Searching, fast and slow, through product catalogs
- URL: http://arxiv.org/abs/2401.00737v1
- Date: Mon, 1 Jan 2024 12:30:46 GMT
- Title: Searching, fast and slow, through product catalogs
- Authors: Dayananda Ubrangala, Juhi Sharma, Sharath Kumar Rangappa, Kiran R,
Ravi Prasad Kondapalli, Laurent Bou\'e
- Abstract summary: We present a unified architecture for SKU search that provides both a real-time suggestion system and a lower latency search system.
We show how our system vastly outperforms, in all aspects, the results provided by the default search engine.

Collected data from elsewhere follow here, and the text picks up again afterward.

(* For any $\alpha>0$ there exists a zero-free function $f\in A^{-\infty}$ such that $1/f\in A^{-\infty}$ and $H_\lambda(D_+(f))=\infty$ for $\lambda(t)=t|\log t|^\alpha$.
   Context: $\mathbf D$ is the open unit disc and $\mathbf T$ the unit circle. $A^{-\infty}$ is the set of analytic functions $f$ in $\mathbf D$ for which there exist constants $C,k$ with $|f(z)|\le C(1-|z|)^{-k}$ for all $z\in\mathbf D$. For $f\in A^{-\infty}$, $D_+(f)=\{\theta\in[0,2\pi):\ \liminf_{r\to1}\frac{\log|f(re^{i\theta})|}{|\log(1-r)|}>0\}$ (identified with a subset of $\mathbf T$ via $\theta\mapsto e^{i\theta}$). For an increasing $\lambda$ with $\lambda(0)=0$, $H_\lambda(C)=\lim_{\epsilon\to0}\inf\{\sum_s\lambda(|J_s|): C\subset\bigcup_s J_s,\ |J_s|<\epsilon\}$, the $J_s$ being arcs of $\mathbf T$ of length $|J_s|$. *)

theory Defs
  imports "HOL-Analysis.Analysis"
begin

definition A_neg_inf :: "(complex \<Rightarrow> complex) \<Rightarrow> bool" where
  "A_neg_inf f \<longleftrightarrow> f holomorphic_on ball 0 1 \<and>
     (\<exists>C k::real. \<forall>z\<in>ball 0 1. norm (f z) \<le> C * (1 - norm z) powr (- k))"

definition D_plus :: "(complex \<Rightarrow> complex) \<Rightarrow> real set" where
  "D_plus f = {\<theta> \<in> {0..<2*pi}.
     Liminf (at_left 1) (\<lambda>r::real. ereal (ln (norm (f (complex_of_real r * cis \<theta>))) / \<bar>ln (1 - r)\<bar>)) > 0}"

definition arc :: "real \<Rightarrow> real \<Rightarrow> complex set" where
  "arc a l = cis ` {a..a+l}"

text \<open>Hausdorff measure H_lambda of a subset of the unit circle, via countable covers by
  arcs of length < eps; the limit eps -> 0 of a quantity increasing as eps decreases is
  written as a supremum.\<close>
definition hausdorff_lambda :: "(real \<Rightarrow> real) \<Rightarrow> complex set \<Rightarrow> ennreal" where
  "hausdorff_lambda lam C =
     (SUP \<epsilon>\<in>{0<..}. INF (a, l)\<in>{(a, l). (\<forall>n. 0 \<le> l n \<and> l n < \<epsilon>) \<and> C \<subseteq> (\<Union>n. arc (a n) (l n))}.
         (\<Sum>n. ennreal (lam (l n))))"

end

theory Submission
  imports Defs "HOL-Library.Real_Mod" "HOL-Complex_Analysis.Cauchy_Integral_Formula"
begin

(* With m j = 2 ^ (b ^ j) and b large in terms of alpha, the gap series
   g z = (SUM j. c j * z ^ m j), whose coefficients c j are the blocks of the harmonic series between
   m (j - 1) and m j, satisfies |g z| <= - ln (1 - |z|); so f = exp g and 1 / f = exp (- g) lie in
   A^{-infinity}.  The angles psi x = (SUM j. 2 pi * d j x / m (j + 1)), built from the digits d j x of
   x in [0, 1) in a mixed radix, make every m J * psi x lie within pi / 4 of a multiple of 2 pi.  All
   terms of Re g (r * cis (psi x)) then have cosine at least 1/2, whence Re g grows like - ln (1 - r)
   and psi x lies in D_+(f).  Finally psi is strongly expanding: at scale 1 / m N it satisfies
   |x - y| <= lambda |psi x - psi y| / kappa N with kappa N -> infinity, so a cover of psi ` [0, 1) by
   short arcs J_s pulls back to a cover of [0, 1) by intervals of total length
   2 * (SUM s. lambda |J_s|) / kappa N, which forces H_lambda (D_+(f)) = infinity. *)

lemma sum_greaterThanAtMost_concat:
  fixes l u v :: nat
  assumes "l \<le> u" "u \<le> v"
  shows "sum f {l<..u} + sum f {u<..v} = sum f {l<..v}"
  using assms by (simp add: sum.union_disjoint[symmetric] ivl_disj_un ivl_disj_int)

lemma log_series_partial_sum_le:
  fixes r :: real
  assumes "0 \<le> r" "r < 1"
  shows "(\<Sum>n\<in>{0<..N}. r ^ n / real n) \<le> - ln (1 - r)"
proof -
  have "(\<lambda>n. - ((- (- r)) ^ n) / of_nat n) sums ln (1 + (- r))"
    using assms by (intro ln_series') auto
  then have "(\<lambda>n. - (- (r ^ n / real n))) sums (- ln (1 - r))" by (intro sums_minus) simp
  then have s: "(\<lambda>n. r ^ n / real n) sums (- ln (1 - r))" by simp
  have "(\<Sum>n\<in>{0<..N}. r ^ n / real n) = (\<Sum>n<Suc N. r ^ n / real n)"
    by (intro sum.mono_neutral_left) auto
  also have "\<dots> \<le> (\<Sum>n. r ^ n / real n)"
    using s assms by (intro sum_le_suminf) (auto simp: sums_iff)
  also have "\<dots> = - ln (1 - r)" using s by (simp add: sums_iff)
  finally show ?thesis .
qed

lemma mult_abs_ln_powr_mono:
  fixes \<alpha> t l :: real
  assumes "0 < \<alpha>" "0 < t" "t \<le> l" "l \<le> exp (- \<alpha>)"
  shows "t * \<bar>ln t\<bar> powr \<alpha> \<le> l * \<bar>ln l\<bar> powr \<alpha>"
proof -
  define s1 where "s1 = - ln l"
  define s2 where "s2 = - ln t"
  have "ln l \<le> - \<alpha>" using assms by (metis ln_exp ln_le_cancel_iff exp_gt_zero order_less_le_trans)
  then have s1: "\<alpha> \<le> s1" "s1 \<le> s2" unfolding s1_def s2_def using assms by auto
  then have s1_pos: "0 < s1" using assms(1) by linarith
  have t_eq: "t = exp (- s2)" and l_eq: "l = exp (- s1)"
    unfolding s1_def s2_def using assms by auto
  \<comment> \<open>\<open>(s2/s1)^\<alpha> \<le> exp (\<alpha> (s2/s1 - 1)) \<le> exp (s2 - s1)\<close> because \<open>\<alpha> \<le> s1\<close>\<close>
  have "\<alpha> * ln (s2 / s1) \<le> \<alpha> * (s2 / s1 - 1)"
    using s1 s1_pos assms(1) by (intro mult_left_mono ln_le_minus_one) auto
  also have "\<dots> = (\<alpha> / s1) * (s2 - s1)" using s1_pos by (simp add: field_simps)
  also have "\<dots> \<le> s2 - s1" using s1 s1_pos assms(1) by (intro mult_left_le_one_le) auto
  finally have "(s2 / s1) powr \<alpha> \<le> exp (s2 - s1)"
    using s1 s1_pos by (simp add: powr_def mult.commute)
  then have "s2 powr \<alpha> \<le> s1 powr \<alpha> * exp (s2 - s1)"
    using s1_pos s1 by (simp add: powr_divide divide_le_eq mult.commute)
  then have "exp (- s2) * s2 powr \<alpha> \<le> exp (- s1) * s1 powr \<alpha>"
    by (smt (verit) exp_add exp_gt_zero mult.assoc mult.commute mult_left_mono)
  moreover have "\<bar>ln t\<bar> = s2" "\<bar>ln l\<bar> = s1" using s1 s1_pos unfolding s1_def s2_def by auto
  ultimately show ?thesis using t_eq l_eq by simp
qed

- Score: 5.077235981745305
- License: http://creativecommons.org/licenses/by/4.0/
- Abstract: String matching algorithms in the presence of abbreviations, such as in Stock
Keeping Unit (SKU) product catalogs, remains a relatively unexplored topic. In
this paper, we present a unified architecture for SKU search that provides both
a real-time suggestion system (based on a Trie data structure) as well as a
lower latency search system (making use of character level TF-IDF in
combination with language model vector embeddings) where users initiate the
search process explicitly. We carry out ablation studies that justify designing
a complex search system composed of multiple components to address the delicate
trade-off between speed and accuracy. Using SKU search in the Dynamics CRM as
an example, we show how our system vastly outperforms, in all aspects, the
results provided by the default search engine. Finally, we show how SKU
descriptions may be enhanced via generative text models (using gpt-3.5-turbo)
so that the consumers of the search results may get more context and a
generally better experience when presented with the results of their SKU
search.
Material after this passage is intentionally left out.